Publicacao/Comunicacao
Intimação - DESPACHO
PROCEDIMENTO COMUM Nº 5002932-24.2025.4.02.5102/RJ
AUTOR: TAISA FERREIRA LOPES DOS SANTOS
ADVOGADO(A): SHIRLEY MARY PEREIRA (OAB RJ181557)
DESPACHO/DECISÃO
I. Trata-se de ação proposta por TAISA FERREIRA LOPES DOS SANTOS em desfavor da UNIÃO, com pedido de anulação do ato administrativo que determinou a sua movimentação militar do Rio de Janeiro para São Paulo.
Em tutela provisória de urgência, requereu que seja determinada a suspensão de sua movimentação do Rio de Janeiro para São Paulo, de modo que possa prosseguir com seu tratamento de saúde.
Para tanto, aduziu, em apertada síntese, que: i. é militar de carreira da Aeronáutica; ii. serve, atualmente, na Unidade de Serviço Regional de Infraestrutura, no Rio de Janeiro – SERINFRA-RJ, ocupando o posto de Major do quadro de oficiais engenheiros (QOENG); iii. foi diagnosticada, no ano de 2022, com espondilite anquilosante (CID M-45) por médicos da própria Força Aérea, onde segue fazendo o regular acompanhamento e tratamento na clínica de reumatologia; iv. a recomendação médica é pela manutenção no atual local de trabalho, em virtude da compatibilidade das funções ali desempenhadas e o seu diagnóstico; v. seu genitor, em 27/09/2024, veio a óbito em sua frente, o que gerou impactos emocionais que reverberaram em sua saúde física e psíquica; vi. três dias após 3 dias após o óbito de seu genitor, foi publicado em boletim sua movimentação ex officio, da cidade do Rio de Janeiro para São Paulo; vii. o Hospital de Força Aérea de São Paulo (HFASP) não possui médico reumatologista, o que obstaculizará o prosseguimento do seu tratamento; viii. é casada e possui dois filhos menores, um de 8 e outro de 3 anos, sendo certo que seu marido, por questões profissionais, não poderá a acompanhar; ix. as limitações físicas, dores intensas, e abalo psicológico tornaria inviável cuidar dos filhos sozinha em São Paulo, cidade onde não possui qualquer rede de apoio, pelo que terá que deixar seus filhos menores no Rio de Janeiro; e x. o Cemal, órgão responsável pelas perícia médicas e inspeções de saúde na Aeronáutica, declarou, expressamente, pela impossibilidade, no presente contexto, de movimentação.

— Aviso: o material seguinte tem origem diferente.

lemma sup_delta_le_upper_lipschitz_constant:
  assumes F: "feas Abar bbar \<noteq> {}" and "\<kappa> \<ge> 0" and \<kappa>: "upper_lipschitz_at N Abar bbar \<kappa> \<epsilon>"
    and "\<delta> < \<epsilon>"
  shows "sup_delta N Abar bbar \<delta> \<le> ereal \<kappa>"
  unfolding sup_delta_def
proof (rule Sup_least, clarify)
  fix x
  define r where "r = resid Abar bbar x"
  define D where "D = real_of_ereal (distN N x (feas Abar bbar))"
  assume "resid Abar bbar x \<le> \<delta> * (N x + 1)"
  moreover have Nx: "N x + 1 > 0" using is_norm_nonneg[of x] by simp
  ultimately have "r / (N x + 1) \<le> \<delta>" by (simp add: r_def field_simps)
  obtain A b where x: "x \<in> feas A b" and d: "pdist N (A, b) (Abar, bbar) \<le> r / (N x + 1)"
    unfolding r_def using feasible_perturbation by blast
  have "pdist N (A, b) (Abar, bbar) < \<epsilon>"
    using d \<open>r / (N x + 1) \<le> \<delta>\<close> \<open>\<delta> < \<epsilon>\<close> by linarith
  then have "distN N x (feas Abar bbar) \<le> ereal (\<kappa> * pdist N (A, b) (Abar, bbar))"
    using \<kappa> x unfolding upper_lipschitz_at_def by simp
  moreover have "distN N x (feas Abar bbar) = ereal D"
    unfolding D_def by (rule distN_finite[OF F])
  ultimately have "D \<le> \<kappa> * pdist N (A, b) (Abar, bbar)" by simp
  also have "\<dots> \<le> \<kappa> * (r / (N x + 1))" using d \<open>\<kappa> \<ge> 0\<close> by (rule mult_left_mono)
  finally have "(N x + 1) * D \<le> \<kappa> * r" using Nx by (simp add: field_simps)
  have "(N x + 1) * D / r \<le> \<kappa>"
  proof (cases "r = 0")
    case False
    then have "r > 0" using resid_nonneg[of Abar bbar x] by (simp add: r_def)
    then show ?thesis using \<open>(N x + 1) * D \<le> \<kappa> * r\<close> by (simp add: pos_divide_le_eq)
  qed (simp add: \<open>\<kappa> \<ge> 0\<close>)
  then show "ereal ((N x + 1) * real_of_ereal (distN N x (feas Abar bbar)) / resid Abar bbar x) \<le> ereal \<kappa>"
    by (simp add: D_def r_def)
qed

Inicial instruída com documentos e comprovante de recolhimento das custas (evento 1).
Despacho que determinou a intimação da parte autora para ciência e manifestação acerca da redistribuído por auxílio de equalização (de RJNIT07S para RJRIO24F) (evento 5).

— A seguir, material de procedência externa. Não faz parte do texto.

(* Let $X\subset\mathbb{R}^2$ be a set in convex position. Then $$\mathcal{M}_X=\bigcap\{\mathcal{M}_Y : Y\subset X,\ \#Y=3\}.$$
   Context: A set $S\subset\mathbb{R}^2$ is in convex position if every point of $S$ lies on the boundary of $\mathrm{conv}(S)$. For a point set $X\subset\mathbb{R}^2$ and a point $O$, $X_O=2O-X$ is the reflection of $X$ in $O$. The point $O$ is an admissible center for $X$ if $X\cup X_O$ is in convex position; $\mathcal{M}_X$ denotes the set of all admissible centers for $X$. (Note $X$ is in c.s.c. position, i.e. contained in the boundary of a centrally symmetric convex body, iff $\mathcal{M}_X\neq\emptyset$.) *)

theory Defs
  imports "HOL-Analysis.Analysis"
begin

definition convex_position :: "(real^2) set \<Rightarrow> bool" where
  "convex_position S \<longleftrightarrow> S \<subseteq> frontier (convex hull S)"

definition reflect_set :: "real^2 \<Rightarrow> (real^2) set \<Rightarrow> (real^2) set" where
  "reflect_set c X = (\<lambda>x. 2 *\<^sub>R c - x) ` X"

definition admissible_centers :: "(real^2) set \<Rightarrow> (real^2) set" where
  "admissible_centers X = {c. convex_position (X \<union> reflect_set c X)}"

end

theory Submission
  imports Defs
begin

text \<open>If a point of S = X \<union> (2c - X) is interior to conv S, then S meets every open half-plane
  bounded by a line through it (for finite S the converse holds); as S is symmetric about c,
  such a point p may be taken in X. For p \<noteq> c put q = p - c and let r be q rotated by a
  right angle. Directions v with v \<bullet> q < 0 are served by 2c - p, those with v \<bullet> q = 0 by
  any point off the line through p and c, and the remaining ones are positive multiples of
  q + t r. So the
  half-plane condition becomes a covering of the real t-line by open half-lines, and by
  Helly's theorem in dimension one two of them already cover it. Hence p and two further points
  of X surround p, and c is not admissible for this triple.\<close>

definition surrounds :: "'a::real_inner set \<Rightarrow> 'a \<Rightarrow> bool" where
  "surrounds S p \<longleftrightarrow> (\<forall>v. v \<noteq> 0 \<longrightarrow> (\<exists>s\<in>S. v \<bullet> p < v \<bullet> s))"

lemma interior_convex_hull_imp_surrounds:
  fixes S :: "'a::euclidean_space set"
  assumes "p \<in> interior (convex hull S)"
  shows "surrounds S p"
  unfolding surrounds_def
proof (intro allI impI, rule ccontr)
  fix v :: 'a
  assume v: "v \<noteq> 0" and "\<not> (\<exists>s\<in>S. v \<bullet> p < v \<bullet> s)"
  then have "convex hull S \<subseteq> {x. v \<bullet> x \<le> v \<bullet> p}"
    by (intro hull_minimal) (auto simp: convex_halfspace_le not_less)
  moreover obtain e where e: "e > 0" "ball p e \<subseteq> convex hull S"
    using assms mem_interior by blast
  moreover have "p + (e / (2 * norm v)) *\<^sub>R v \<in> ball p e"
    using e v by (simp add: dist_norm)
  ultimately have "v \<bullet> (p + (e / (2 * norm v)) *\<^sub>R v) \<le> v \<bullet> p"
    by blast
  moreover have "0 < (e / (2 * norm v)) * (v \<bullet> v)"
    using e v by simp
  ultimately show False
    by (simp add: inner_add_right)
qed

lemma surrounds_imp_interior_convex_hull:
  fixes S :: "'a::euclidean_space set"
  assumes "finite S" and sur: "surrounds S p"
  shows "p \<in> interior (convex hull S)"
proof (rule ccontr)
  assume np: "p \<notin> interior (convex hull S)"
  let ?K = "convex hull S"
  have K: "convex ?K" "closed ?K"
    using \<open>finite S\<close> finite_imp_compact_convex_hull compact_imp_closed by auto
  have SK: "S \<subseteq> ?K" by (rule hull_subset)
  have no_support: False if "a \<noteq> 0" "\<And>s. s \<in> S \<Longrightarrow> a \<bullet> s \<le> a \<bullet> p" for a
    using sur that unfolding surrounds_def by (meson not_less)
  show False
  proof (cases "p \<in> ?K")
    case False
    then obtain a b where ab: "a \<bullet> p < b" "\<forall>x\<in>?K. b < a \<bullet> x"
      using separating_hyperplane_closed_point[OF K False] by blast
    obtain e :: 'a where "e \<in> Basis" by (meson nonempty_Basis ex_in_conv)
    then obtain s where "s \<in> S"
      using sur nonzero_Basis unfolding surrounds_def by blast
    then have "a \<noteq> 0" using ab SK by fastforce
    moreover have "(-a) \<bullet> s \<le> (-a) \<bullet> p" if "s \<in> S" for s
      using ab SK that by fastforce
    ultimately show False
      using no_support[of "-a"] by simp
  next
    case True
    show False
    proof (cases "interior ?K = {}")
      case True
      then obtain a b where "a \<noteq> 0" "?K \<subseteq> {x. a \<bullet> x = b}"
        using empty_interior_subset_hyperplane[OF K(1) True] by blast
      moreover have "a \<bullet> s \<le> a \<bullet> p" if "s \<in> S" for s
      proof -
        have "a \<bullet> s = b" "a \<bullet> p = b"
          using calculation(2) SK \<open>p \<in> ?K\<close> that by blast+
        then show ?thesis by simp
      qed
      ultimately show False
        using no_support[of a] by simp
    next
      case False
      then have "p \<in> closure ?K - rel_interior ?K"
        using np \<open>p \<in> ?K\<close> closure_subset rel_interior_nonempty_interior by blast
      then obtain a where "a \<noteq> 0" "\<And>y. y \<in> closure ?K \<Longrightarrow> a \<bullet> p \<le> a \<bullet> y"
        using supporting_hyperplane_relative_frontier[OF K(1)] by blast
      moreover have "(-a) \<bullet> s \<le> (-a) \<bullet> p" if "s \<in> S" for s
        using calculation(2)[of s] SK closure_subset that by auto
      ultimately show False
        using no_support[of "-a"] by simp
    qed
  qed
qed

lemma halflines_cover_by_two:
  fixes \<alpha> \<beta> :: "'i \<Rightarrow> real"
  assumes cover: "\<forall>t. \<exists>i\<in>I. 0 < \<alpha> i + \<beta> i * t"
    and pos: "i0 \<in> I" "\<beta> i0 > 0" and neg: "i1 \<in> I" "\<beta> i1 < 0"
  shows "\<exists>i\<in>I. \<exists>j\<in>I. \<beta> i > 0 \<and> (\<forall>t. 0 < \<alpha> i + \<beta> i * t \<or> 0 < \<alpha> j + \<beta> j * t)"
proof (rule ccontr)
  \<comment> \<open>Otherwise every threshold of a decreasing half-line lies below every threshold of an
    increasing one, and the infimum m of the latter is covered by no half-line.\<close>
  assume no_pair: "\<not> ?thesis"
  define U where "U = {-\<alpha> i / \<beta> i | i. i \<in> I \<and> \<beta> i > 0}"
  define D where "D = {-\<alpha> j / \<beta> j | j. j \<in> I \<and> \<beta> j < 0}"
  have D_le_U: "b \<le> a" if ab: "a \<in> U" "b \<in> D" for a b
  proof (rule ccontr)
    assume "\<not> b \<le> a"
    obtain i j where ij: "i \<in> I" "\<beta> i > 0" "a = -\<alpha> i / \<beta> i" "j \<in> I" "\<beta> j < 0" "b = -\<alpha> j / \<beta> j"
      using ab U_def D_def by auto
    have "0 < \<alpha> i + \<beta> i * t \<or> 0 < \<alpha> j + \<beta> j * t" for t
    proof (cases "a < t")
      case True
      then show ?thesis using ij by (simp add: field_simps)
    next
      case False
      then have "t < b" using \<open>\<not> b \<le> a\<close> by simp
      then show ?thesis using ij by (simp add: field_simps)
    qed
    then show False using no_pair ij by blast
  qed
  have "-\<alpha> i0 / \<beta> i0 \<in> U" "-\<alpha> i1 / \<beta> i1 \<in> D"
    using pos neg by (auto simp: U_def D_def)
  then have U: "U \<noteq> {}" "bdd_below U"
    using D_le_U unfolding bdd_below_def by blast+
  define m where "m = Inf U"
  obtain i where i: "i \<in> I" "0 < \<alpha> i + \<beta> i * m"
    using cover by blast
  consider "\<beta> i > 0" | "\<beta> i < 0" | "\<beta> i = 0" by linarith
  then show False
  proof cases
    case 1
    then have "m \<le> -\<alpha> i / \<beta> i"
      unfolding m_def using i U by (intro cInf_lower) (auto simp: U_def)
    then show False using 1 i by (simp add: field_simps)
  next
    case 2
    then have "-\<alpha> i / \<beta> i \<le> m"
      unfolding m_def using i U D_le_U by (intro cInf_greatest) (auto simp: D_def)
    then show False using 2 i by (simp add: field_simps)
  next
    case 3
    then show False using no_pair pos i by (metis add.right_neutral mult_zero_left)
  qed
qed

Decisão que indeferiu o pedido de tutela provisória de urgência (evento 15).
A UNIÃO apresentou contestação (v. evento 19). Em sua defesa, argumentou, quanto ao mérito, que: i. a ausência ou existência de transferência/movimentação de qualquer militar dentro do território nacional, por iniciativa da Administração Militar, objetiva atender a necessidade do serviço e o interesse público; ii. a transferência/movimentação de servidor militar constituiu ato discricionário, não passível, no tocante ao mérito, de controle judicial; iii. não há qualquer comprovação no sentido de que os familiares acometidos da enfermidade alegada dependem exclusivamente da parte demandante e que somente ela poderia prestar o adequado auxílio no tratamento da referida doença ou enfermidade; e iv. a presente pretensão contraria os artigos 2.º, 5.º, 37, 142, 143 e 169 da Constituição Federal e artigos 14, 28, 41, 43, 47, 49, 59, 60,61 e 94 da Lei n. 6.880/80.
TAISA FERREIRA LOPES DOS SANTOS formulou pedido de tutela incidental e requereu a produção de prova pericial (evento 25).
A UNIÃO requereu a juntada de documentos (eventos 26 e 27).
TAISA FERREIRA LOPES DOS SANTOS reiterou o pedido de concessão de tutela incidental (evento 28).
É o que consta. Decido.
II. É possível a reiteração do pedido de antecipação dos efeitos da tutela, desde que sejam apresentados fatos novos que demonstrem a existência do periculum in mora e da verossimilhança do direito alegado.
Na espécie, a decisão que indeferiu o pedido de tutela de urgência considerou, dentre outras razões, que, em função das sucessivas licenças médicas concedidas pela Administração Militar à parte autora, até aquele contexto, pelo menos, não se afigurava necessária intervenção judicial, uma vez que, de acordo com o regulamento de movimentação de militar da Aeronáutica, o militar em licença para tratamento de saúde não pode ser objeto de movimentação.
Sucede que, como demonstrou a postulante, em 14/05/2025, fora publicada (nova) ordem de movimentação (v. evento 25, p. 2), fato que revela a ocorrência de evento novo.
Oportuno também ter em perspectiva que a licença médica, a despeito da possibilidade de prorrogações iterativas, conta com prazo certo, daí porque ostenta natureza precária.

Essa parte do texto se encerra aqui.